== What is expected ==
The response must contain every line below in which "intro" appears.
::: Dataset :::
(* Both comparison steps shift the second coordinate, which is therefore integrated innermost. *)
lemma integral_UNIV_real4_iterated:
  fixes F :: "real \<times> real \<times> real \<times> real \<Rightarrow> 'e::banach"
  assumes F: "continuous_on UNIV F"
    and p: "integrable_weight p1" "integrable_weight p2" "integrable_weight p3" "integrable_weight p4"
    and dom: "\<And>s1 s2 s3 s4. norm (F (s1, s2, s3, s4)) \<le> p1 s1 * p2 s2 * p3 s3 * p4 s4"
  shows "F integrable_on UNIV"
    and "\<And>s1 s3 s4. (\<lambda>s2. F (s1, s2, s3, s4)) integrable_on UNIV"
    and "\<And>s1. (\<lambda>(s3, s4). integral UNIV (\<lambda>s2. F (s1, s2, s3, s4))) integrable_on UNIV"
    and "(\<lambda>s1. integral UNIV (\<lambda>(s3, s4). integral UNIV (\<lambda>s2. F (s1, s2, s3, s4)))) integrable_on UNIV"
    and "integral UNIV F
      = integral UNIV (\<lambda>s1. integral UNIV (\<lambda>(s3, s4). integral UNIV (\<lambda>s2. F (s1, s2, s3, s4))))"
proof -
  have w: "continuous_on UNIV p" "integrable lborel p" "\<And>x. 0 \<le> p x" if "integrable_weight p" for p :: "'a::euclidean_space \<Rightarrow> real"
    using that by (auto simp: integrable_weight_def)
  define p34 where "p34 = (\<lambda>(s3, s4). p3 s3 * p4 s4)"
  have p34: "integrable_weight p34" unfolding p34_def by (rule integrable_weight_prod[OF p(3,4)])
  have p234: "integrable_weight (\<lambda>(s2, t). p2 s2 * p34 t)" by (rule integrable_weight_prod[OF p(2) p34])
  have outer_dom: "norm (F (s1, t)) \<le> p1 s1 * (case t of (s2, t) \<Rightarrow> p2 s2 * p34 t)" for s1 t
    using dom[of s1 "fst t" "fst (snd t)" "snd (snd t)"] by (simp add: p34_def split_def mult_ac)
  note outer = integrable_on_sections[OF F w(2)[OF p(1)] w(2)[OF p234] w(3)[OF p(1)] w(3)[OF p234] outer_dom]
    integrable_on_section_integral[OF F w(2)[OF p(1)] w(2)[OF p234] w(3)[OF p(1)] w(3)[OF p234] outer_dom
      w(1)[OF p(1)]]
    integral_UNIV_prod_continuous[OF F w(2)[OF p(1)] w(2)[OF p234] w(3)[OF p(1)] w(3)[OF p234] outer_dom
      w(1)[OF p(1)]]
  have inner: "(\<lambda>t. F (s1, t)) integrable_on UNIV \<and>
      (\<forall>s3 s4. (\<lambda>s2. F (s1, s2, s3, s4)) integrable_on UNIV) \<and>
      (\<lambda>(s3, s4). integral UNIV (\<lambda>s2. F (s1, s2, s3, s4))) integrable_on UNIV \<and>
      integral UNIV (\<lambda>t. F (s1, t)) = integral UNIV (\<lambda>(s3, s4). integral UNIV (\<lambda>s2. F (s1, s2, s3, s4)))"
    for s1
  proof -
    have "continuous_on UNIV (\<lambda>t. F (s1, t))"
      by (rule continuous_on_compose2[OF F]) (auto intro: continuous_intros)
    moreover have "integrable lborel (\<lambda>s2. p1 s1 * p2 s2)"
      using w(2)[OF p(2)] by simp
    moreover have "norm (F (s1, s2, t)) \<le> (p1 s1 * p2 s2) * p34 t" for s2 t
      using dom[of s1 s2 "fst t" "snd t"] by (simp add: p34_def split_def mult_ac)
    moreover have "\<And>s2. 0 \<le> p1 s1 * p2 s2" using w(3)[OF p(1)] w(3)[OF p(2)] by simp
    ultimately show ?thesis
      using integral_UNIV_prod_continuous_swap[of "\<lambda>(s2, t). F (s1, s2, t)" p34
        "\<lambda>s2. p1 s1 * p2 s2", OF _ w(1)[OF p34] _ w(2)[OF p34] _ w(3)[OF p34]]
      by (auto simp: split_def)
  qed
  show "F integrable_on UNIV" by (rule outer(1))
  show "\<And>s1 s3 s4. (\<lambda>s2. F (s1, s2, s3, s4)) integrable_on UNIV"
    and "\<And>s1. (\<lambda>(s3, s4). integral UNIV (\<lambda>s2. F (s1, s2, s3, s4))) integrable_on UNIV"
    using inner by blast+
  show "(\<lambda>s1. integral UNIV (\<lambda>(s3, s4). integral UNIV (\<lambda>s2. F (s1, s2, s3, s4)))) integrable_on UNIV"
    and "integral UNIV F
      = integral UNIV (\<lambda>s1. integral UNIV (\<lambda>(s3, s4). integral UNIV (\<lambda>s2. F (s1, s2, s3, s4))))"
    using outer(3,4) inner by simp_all
qed

lemma norm_integral_UNIV_real4_diff_le:
  fixes F G :: "real \<times> real \<times> real \<times> real \<Rightarrow> 'e::banach"
  assumes F: "continuous_on UNIV F" and G: "continuous_on UNIV G"
    and p: "integrable_weight p1" "integrable_weight p2" "integrable_weight p3" "integrable_weight p4"
    and F_dom: "\<And>s1 s2 s3 s4. norm (F (s1, s2, s3, s4)) \<le> p1 s1 * p2 s2 * p3 s3 * p4 s4"
    and G_dom: "\<And>s1 s2 s3 s4. norm (G (s1, s2, s3, s4)) \<le> p1 s1 * p2 s2 * p3 s3 * p4 s4"
    and q: "integrable_weight q1" "integrable_weight q3" "integrable_weight q4"
    and inner: "\<And>s1 s3 s4. norm (integral UNIV (\<lambda>s2. F (s1, s2, s3, s4))
                  - integral UNIV (\<lambda>s2. G (s1, s2, s3, s4))) \<le> q1 s1 * q3 s3 * q4 s4"
  shows "norm (integral UNIV F - integral UNIV G)
    \<le> integral UNIV q1 * integral UNIV q3 * integral UNIV q4"
proof -
  note IF = integral_UNIV_real4_iterated[OF F p F_dom]
  note IG = integral_UNIV_real4_iterated[OF G p G_dom]
  define f where "f s1 = (\<lambda>t. integral UNIV (\<lambda>s2. F (s1, s2, t)))" for s1
  define g where "g s1 = (\<lambda>t. integral UNIV (\<lambda>s2. G (s1, s2, t)))" for s1
  have q1: "q1 integrable_on UNIV" "\<And>s. 0 \<le> q1 s"
    using q(1) integrable_on_lborel by (auto simp: integrable_weight_def)
  note q34 = integral_UNIV_prod_mult[OF q(2,3)]
  have fg: "f s1 integrable_on UNIV" "g s1 integrable_on UNIV" for s1
    using IF(3) IG(3) by (simp_all add: f_def g_def split_def)
  have "norm (integral UNIV (f s1) - integral UNIV (g s1))
      \<le> q1 s1 * (integral UNIV q3 * integral UNIV q4)" for s1
  proof -
    have "norm (integral UNIV (\<lambda>t. f s1 t - g s1 t))
        \<le> integral UNIV (\<lambda>t. q1 s1 * (case t of (s3, s4) \<Rightarrow> q3 s3 * q4 s4))"
      using inner by (intro integral_norm_bound_integral integrable_diff fg integrable_on_mult_right q34(1))
         (auto simp: f_def g_def split_def mult_ac)
    then show ?thesis
      using q34(2) by (simp add: integral_diff[OF fg])
  qed
  then have "norm (integral UNIV (\<lambda>s1. integral UNIV (f s1) - integral UNIV (g s1)))
      \<le> integral UNIV (\<lambda>s1. q1 s1 * (integral UNIV q3 * integral UNIV q4))"
    using IF(4) IG(4) q1(1)
    by (intro integral_norm_bound_integral integrable_diff integrable_on_mult_left)
       (auto simp: f_def g_def split_def)
  moreover have "integral UNIV F - integral UNIV G
      = integral UNIV (\<lambda>s1. integral UNIV (f s1) - integral UNIV (g s1))"
    using IF(4,5) IG(4,5) by (simp add: integral_diff f_def g_def split_def)
  ultimately show ?thesis
    by (simp add: mult_ac)
qed

section \<open>Gaussian densities\<close>

lemma continuous_on_normal_density: "\<sigma> > 0 \<Longrightarrow> continuous_on UNIV (normal_density \<mu> \<sigma>)"
  unfolding normal_density_def[abs_def] by (intro continuous_intros) auto

lemma integrable_on_normal_density: "\<sigma> > 0 \<Longrightarrow> normal_density \<mu> \<sigma> integrable_on UNIV"
  by (rule integrable_on_lborel) (rule integrable_normal_density)

lemma integral_normal_density_UNIV: "\<sigma> > 0 \<Longrightarrow> integral UNIV (normal_density \<mu> \<sigma>) = 1"
  by (subst integral_lborel) (simp_all add: integrable_normal_density integral_normal_density)

lemma normal_abs_moment_1_UNIV:
  assumes "\<sigma> > 0"
  shows "(\<lambda>x. normal_density \<mu> \<sigma> x * \<bar>x - \<mu>\<bar>) integrable_on UNIV"
    and "integral UNIV (\<lambda>x. normal_density \<mu> \<sigma> x * \<bar>x - \<mu>\<bar>) = sqrt (2 / pi) * \<sigma>"
proof -
  have "has_bochner_integral lborel (\<lambda>x. normal_density \<mu> \<sigma> x * \<bar>x - \<mu>\<bar>) (sqrt (2 / pi) * \<sigma>)"
    using normal_moment_abs_odd[OF assms, of \<mu> 0] by (simp add: mult.commute)
  then show "(\<lambda>x. normal_density \<mu> \<sigma> x * \<bar>x - \<mu>\<bar>) integrable_on UNIV"
    and "integral UNIV (\<lambda>x. normal_density \<mu> \<sigma> x * \<bar>x - \<mu>\<bar>) = sqrt (2 / pi) * \<sigma>"
    by (auto simp: integral_lborel has_bochner_integral_iff intro: integrable_on_lborel)
qed

lemma normal_moment_2_UNIV:
  assumes "\<sigma> > 0"
  shows "(\<lambda>x. normal_density \<mu> \<sigma> x * (x - \<mu>)\<^sup>2) integrable_on UNIV"
    and "integral UNIV (\<lambda>x. normal_density \<mu> \<sigma> x * (x - \<mu>)\<^sup>2) = \<sigma>\<^sup>2"
proof -
  have "has_bochner_integral lborel (\<lambda>x. normal_density \<mu> \<sigma> x * (x - \<mu>)\<^sup>2) (\<sigma>\<^sup>2)"
    using normal_moment_even[OF assms, of \<mu> 1] assms by (simp add: power2_eq_square)
  then show "(\<lambda>x. normal_density \<mu> \<sigma> x * (x - \<mu>)\<^sup>2) integrable_on UNIV"
    and "integral UNIV (\<lambda>x. normal_density \<mu> \<sigma> x * (x - \<mu>)\<^sup>2) = \<sigma>\<^sup>2"
    by (auto simp: integral_lborel has_bochner_integral_iff intro: integrable_on_lborel)
qed

lemma integral_normal_abs_moment_1_le:
  "\<sigma> > 0 \<Longrightarrow> integral UNIV (\<lambda>x. normal_density \<mu> \<sigma> x * \<bar>x - \<mu>\<bar>) \<le> \<sigma>"
  using normal_abs_moment_1_UNIV(2)[of \<sigma> \<mu>] pi_gt3
  by (simp add: mult_left_le_one_le real_sqrt_le_1_iff)

lemma abs_exp_diff_le: "\<bar>exp (x::real) - exp y\<bar> \<le> \<bar>x - y\<bar> * exp (max x y)"
proof -
  have *: "exp v - exp u \<le> (v - u) * exp v" if "u \<le> v" for u v :: real
    using mult_left_mono[OF exp_ge_add_one_self[of "u - v"], of "exp v"]
    by (simp add: exp_diff algebra_simps)
  show ?thesis
    using *[of x y] *[of y x] by (cases "x \<le> y") (auto simp: max_def abs_if)
qed

lemma gaussian_exponent_shift_le:
  fixes \<sigma> t u :: real
  assumes "\<sigma> > 0" and "\<bar>t\<bar> \<le> \<sigma>"
  shows "- (u - t)\<^sup>2 / (2 * \<sigma>\<^sup>2) \<le> 1 / 2 - u\<^sup>2 / (4 * \<sigma>\<^sup>2)"
proof -
  have "u\<^sup>2 / 2 - t\<^sup>2 \<le> (u - t)\<^sup>2"
    using zero_le_power2[of "u - 2 * t"] by (simp add: power2_eq_square algebra_simps)
  moreover have "t\<^sup>2 \<le> \<sigma>\<^sup>2"
    using assms by (metis abs_ge_zero power2_abs power_mono)
  ultimately have "u\<^sup>2 / 2 - \<sigma>\<^sup>2 \<le> (u - t)\<^sup>2" by linarith
  then show ?thesis
    using assms(1) by (simp add: field_simps)
qed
:::
== Your response ==
      by (rule continuous_on_compose2[OF F]) (auto intro: continuous_intros)
      using inner by (intro integral_norm_bound_integral integrable_diff fg integrable_on_mult_right q34(1))
    by (intro integral_norm_bound_integral integrable_diff integrable_on_mult_left)
  unfolding normal_density_def[abs_def] by (intro continuous_intros) auto
    by (auto simp: integral_lborel has_bochner_integral_iff intro: integrable_on_lborel)
    by (auto simp: integral_lborel has_bochner_integral_iff intro: integrable_on_lborel)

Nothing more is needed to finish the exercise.